### DATA SECTION
◆ ◆ ◆ ◆
lemma tvb2_rep_intro:
  fixes f :: "gen \<Rightarrow> mat3"
  assumes inv_Sig: "invertible (f Sig)"
    and Rho_sq: "f Rho ** f Rho = mat 1"
    and Gam1_sq: "f Gam1 ** f Gam1 = mat 1" and Gam2_sq: "f Gam2 ** f Gam2 = mat 1"
    and Gam_comm: "f Gam1 ** f Gam2 = f Gam2 ** f Gam1"
    and Rho_Gam: "f Rho ** f Gam1 = f Gam2 ** f Rho"
    and Rho_Sig: "f Rho ** f Sig ** f Rho = f Gam2 ** f Gam1 ** f Sig ** f Gam1 ** f Gam2"
  shows "tvb2_rep f"
proof -
  have inv: "invertible (f x)" for x
    using assms by (cases x) (auto intro: invertible_involution)
  note assoc = matrix_mul_assoc
  have "f Gam1 ** f Gam2 ** f Gam1 ** f Gam2 = mat 1"
    by (metis assoc Gam_comm Gam1_sq Gam2_sq matrix_mul_lid)
  moreover have "f Rho ** f Gam1 ** f Rho ** f Gam2 = mat 1"
    by (metis assoc Rho_Gam Rho_sq Gam2_sq matrix_mul_lid)
  moreover have
    "f Rho ** f Sig ** f Rho ** f Gam2 ** f Gam1 ** matrix_inv (f Sig) ** f Gam1 ** f Gam2 = mat 1"
  proof -
    have "f Rho ** f Sig ** f Rho ** f Gam2 ** f Gam1 ** matrix_inv (f Sig) ** f Gam1 ** f Gam2
        = f Gam2 ** f Gam1 ** f Sig ** (f Gam1 ** (f Gam2 ** f Gam2) ** f Gam1)
          ** matrix_inv (f Sig) ** f Gam1 ** f Gam2"
      by (simp add: Rho_Sig assoc)
    also have "\<dots> = f Gam2 ** (f Gam1 ** (f Sig ** matrix_inv (f Sig)) ** f Gam1) ** f Gam2"
      by (simp add: Gam1_sq Gam2_sq assoc)
    also have "\<dots> = mat 1"
      by (simp add: matrix_inv_right[OF inv_Sig] Gam1_sq Gam2_sq assoc)
    finally show ?thesis .
  qed
  ultimately show ?thesis
    using inv Rho_sq Gam1_sq Gam2_sq
    by (simp add: tvb2_rep_def tvb2_relators_def g_def gi_def matrix_inv_involution assoc)
qed

text \<open>The exponent flag of a letter is ignored, so \<open>word_perm p\<close> respects \<open>tvb2_eq\<close> only when
  every \<open>p x\<close> is an involution.\<close>
definition word_perm :: "(gen \<Rightarrow> 'a \<Rightarrow> 'a) \<Rightarrow> word \<Rightarrow> 'a \<Rightarrow> 'a" where
  "word_perm p w = foldr (\<lambda>(x, _) acc. p x \<circ> acc) w id"

lemma word_perm_Nil [simp]: "word_perm p [] = id"
  and word_perm_Cons [simp]: "word_perm p ((x, s) # w) = p x \<circ> word_perm p w"
  by (simp_all add: word_perm_def)

lemma word_perm_append: "word_perm p (u @ v) = word_perm p u \<circ> word_perm p v"
  by (induction u) auto

lemma word_perm_tvb2_eq:
  assumes "tvb2_eq u v"
    and invol: "\<And>x. p x \<circ> p x = id"
    and relators: "\<And>r. r \<in> tvb2_relators \<Longrightarrow> word_perm p r = id"
  shows "word_perm p u = word_perm p v"
  using \<open>tvb2_eq u v\<close>
proof (induction rule: tvb2_eq.induct)
  case (cancel u x s v)
  have "p x (p x a) = a" for a
    using invol by (metis comp_apply id_apply)
  then show ?case by (simp add: word_perm_append fun_eq_iff)
next
  case (relator r u v)
  then show ?case by (simp add: word_perm_append relators)
qed auto

definition tvb2_perm :: "gen \<Rightarrow> nat \<Rightarrow> nat" where
  "tvb2_perm x = (case x of
     Sig \<Rightarrow> Transposition.transpose 1 4
   | Rho \<Rightarrow> Transposition.transpose 1 3 \<circ> Transposition.transpose 2 4
   | Gam1 \<Rightarrow> Transposition.transpose 1 2
   | Gam2 \<Rightarrow> Transposition.transpose 3 4)"

lemma tvb2_perm_involution: "tvb2_perm x \<circ> tvb2_perm x = id"
  by (cases x) (simp_all add: tvb2_perm_def fun_eq_iff Transposition.transpose_def)

lemma word_perm_tvb2_perm_fixes: "a \<notin> {1, 2, 3, 4} \<Longrightarrow> word_perm tvb2_perm w a = a"
proof (induction w)
  case (Cons l w)
  then show ?case by (cases l; cases "fst l") (auto simp: tvb2_perm_def)
qed simp

lemma tvb2_perm_relator: "r \<in> tvb2_relators \<Longrightarrow> word_perm tvb2_perm r = id"
proof (rule ext)
  fix a
  assume "r \<in> tvb2_relators"
  then show "word_perm tvb2_perm r a = id a"
    using word_perm_tvb2_perm_fixes[of a r]
    by (cases "a \<in> {1, 2, 3, 4}") (auto simp: tvb2_relators_def tvb2_perm_def g_def gi_def)
qed

lemma Rho_Sig_Rho_Sig_inv_nontrivial: "\<not> tvb2_eq [g Rho, g Sig, g Rho, gi Sig] []"
proof
  assume "tvb2_eq [g Rho, g Sig, g Rho, gi Sig] []"
  then have "word_perm tvb2_perm [g Rho, g Sig, g Rho, gi Sig] = word_perm tvb2_perm []"
    by (rule word_perm_tvb2_eq) (simp_all add: tvb2_perm_involution tvb2_perm_relator)
  then have "word_perm tvb2_perm [g Rho, g Sig, g Rho, gi Sig] 1 = 1"
    by simp
  then show False
    by (simp add: tvb2_perm_def g_def gi_def)
qed

lemma eval_Rho_Sig_Rho_Sig_inv:
  assumes rep: "tvb2_rep f"
    and comm: "f Gam1 ** f Gam2 ** f Sig = f Sig ** (f Gam1 ** f Gam2)"
  shows "eval_word f [g Rho, g Sig, g Rho, gi Sig] = mat 1"
proof -
  note assoc = matrix_mul_assoc
  have rel: "eval_word f r = mat 1" if "r \<in> tvb2_relators" for r
    using rep that unfolding tvb2_rep_def by blast
  have inv_Sig: "invertible (f Sig)"
    using rep unfolding tvb2_rep_def by blast
  define C where "C = f Gam1 ** f Gam2"
  define S' where "S' = matrix_inv (f Sig)"
  have Gam1_sq: "f Gam1 ** f Gam1 = mat 1" and Gam2_sq: "f Gam2 ** f Gam2 = mat 1"
    using rel[of "[g Gam1, g Gam1]"] rel[of "[g Gam2, g Gam2]"]
    by (simp_all add: tvb2_relators_def g_def)
  then have C_sq: "C ** C = mat 1"
    using rel[of "[g Gam1, g Gam2, gi Gam1, gi Gam2]"]
    by (simp add: tvb2_relators_def g_def gi_def matrix_inv_involution C_def assoc)
  have Gam21: "f Gam2 ** f Gam1 = C"
  proof -
    have "f Gam2 ** f Gam1 = (f Gam1 ** f Gam1) ** (f Gam2 ** f Gam1) ** (f Gam2 ** f Gam2)"
      by (simp add: Gam1_sq Gam2_sq)
    also have "\<dots> = f Gam1 ** (C ** C) ** f Gam2"
      by (simp add: C_def assoc)
    also have "\<dots> = C"
      by (simp add: C_sq, simp add: C_def)
    finally show ?thesis .
  qed
  have S'_C: "S' ** C = C ** S'"
  proof -
    have "S' ** C = S' ** (C ** f Sig) ** S'"
      using inv_Sig by (simp add: S'_def matrix_inv_right flip: assoc)
    also have "\<dots> = C ** S'"
      using comm inv_Sig by (simp add: S'_def C_def matrix_inv_left assoc)
    finally show ?thesis .
  qed
  have "eval_word f [g Rho, g Sig, g Rho, gi Sig] = f Rho ** f Sig ** f Rho ** S' ** (C ** C)"
    by (simp add: g_def gi_def S'_def C_sq assoc)
  also have "\<dots> = f Rho ** f Sig ** f Rho ** (S' ** C) ** C"
    by (simp only: assoc)
  also have "\<dots> = f Rho ** f Sig ** f Rho ** (C ** S') ** C"
    by (simp only: S'_C)
  also have "\<dots> = f Rho ** f Sig ** f Rho ** (f Gam2 ** f Gam1) ** S' ** (f Gam1 ** f Gam2)"
    by (simp add: Gam21 C_def assoc)
  also have "\<dots> = mat 1"
    using rel[of "[g Rho, g Sig, g Rho, gi Gam2, gi Gam1, gi Sig, gi Gam1, gi Gam2]"]
    by (simp add: tvb2_relators_def g_def gi_def S'_def Gam1_sq Gam2_sq matrix_inv_involution assoc)
  finally show ?thesis .
qed

lemma not_tvb2_faithful_if_Gam_prod_commutes_Sig:
  assumes "tvb2_rep f" and "f Gam1 ** f Gam2 ** f Sig = f Sig ** (f Gam1 ** f Gam2)"
  shows "\<not> tvb2_faithful f"
  using eval_Rho_Sig_Rho_Sig_inv[OF assms] Rho_Sig_Rho_Sig_inv_nontrivial
  unfolding tvb2_faithful_def by blast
◆ ◆ ◆ ◆
Give back, exactly as written, the stretch from the line with "Gam2 = f Gam2" through the line with "by (induction u) auto", and no other lines from the records above.

    and Gam_comm: "f Gam1 ** f Gam2 = f Gam2 ** f Gam1"
    and Rho_Gam: "f Rho ** f Gam1 = f Gam2 ** f Rho"
    and Rho_Sig: "f Rho ** f Sig ** f Rho = f Gam2 ** f Gam1 ** f Sig ** f Gam1 ** f Gam2"
  shows "tvb2_rep f"
proof -
  have inv: "invertible (f x)" for x
    using assms by (cases x) (auto intro: invertible_involution)
  note assoc = matrix_mul_assoc
  have "f Gam1 ** f Gam2 ** f Gam1 ** f Gam2 = mat 1"
    by (metis assoc Gam_comm Gam1_sq Gam2_sq matrix_mul_lid)
  moreover have "f Rho ** f Gam1 ** f Rho ** f Gam2 = mat 1"
    by (metis assoc Rho_Gam Rho_sq Gam2_sq matrix_mul_lid)
  moreover have
    "f Rho ** f Sig ** f Rho ** f Gam2 ** f Gam1 ** matrix_inv (f Sig) ** f Gam1 ** f Gam2 = mat 1"
  proof -
    have "f Rho ** f Sig ** f Rho ** f Gam2 ** f Gam1 ** matrix_inv (f Sig) ** f Gam1 ** f Gam2
        = f Gam2 ** f Gam1 ** f Sig ** (f Gam1 ** (f Gam2 ** f Gam2) ** f Gam1)
          ** matrix_inv (f Sig) ** f Gam1 ** f Gam2"
      by (simp add: Rho_Sig assoc)
    also have "\<dots> = f Gam2 ** (f Gam1 ** (f Sig ** matrix_inv (f Sig)) ** f Gam1) ** f Gam2"
      by (simp add: Gam1_sq Gam2_sq assoc)
    also have "\<dots> = mat 1"
      by (simp add: matrix_inv_right[OF inv_Sig] Gam1_sq Gam2_sq assoc)
    finally show ?thesis .
  qed
  ultimately show ?thesis
    using inv Rho_sq Gam1_sq Gam2_sq
    by (simp add: tvb2_rep_def tvb2_relators_def g_def gi_def matrix_inv_involution assoc)
qed

text \<open>The exponent flag of a letter is ignored, so \<open>word_perm p\<close> respects \<open>tvb2_eq\<close> only when
  every \<open>p x\<close> is an involution.\<close>
definition word_perm :: "(gen \<Rightarrow> 'a \<Rightarrow> 'a) \<Rightarrow> word \<Rightarrow> 'a \<Rightarrow> 'a" where
  "word_perm p w = foldr (\<lambda>(x, _) acc. p x \<circ> acc) w id"

lemma word_perm_Nil [simp]: "word_perm p [] = id"
  and word_perm_Cons [simp]: "word_perm p ((x, s) # w) = p x \<circ> word_perm p w"
  by (simp_all add: word_perm_def)

lemma word_perm_append: "word_perm p (u @ v) = word_perm p u \<circ> word_perm p v"
  by (induction u) auto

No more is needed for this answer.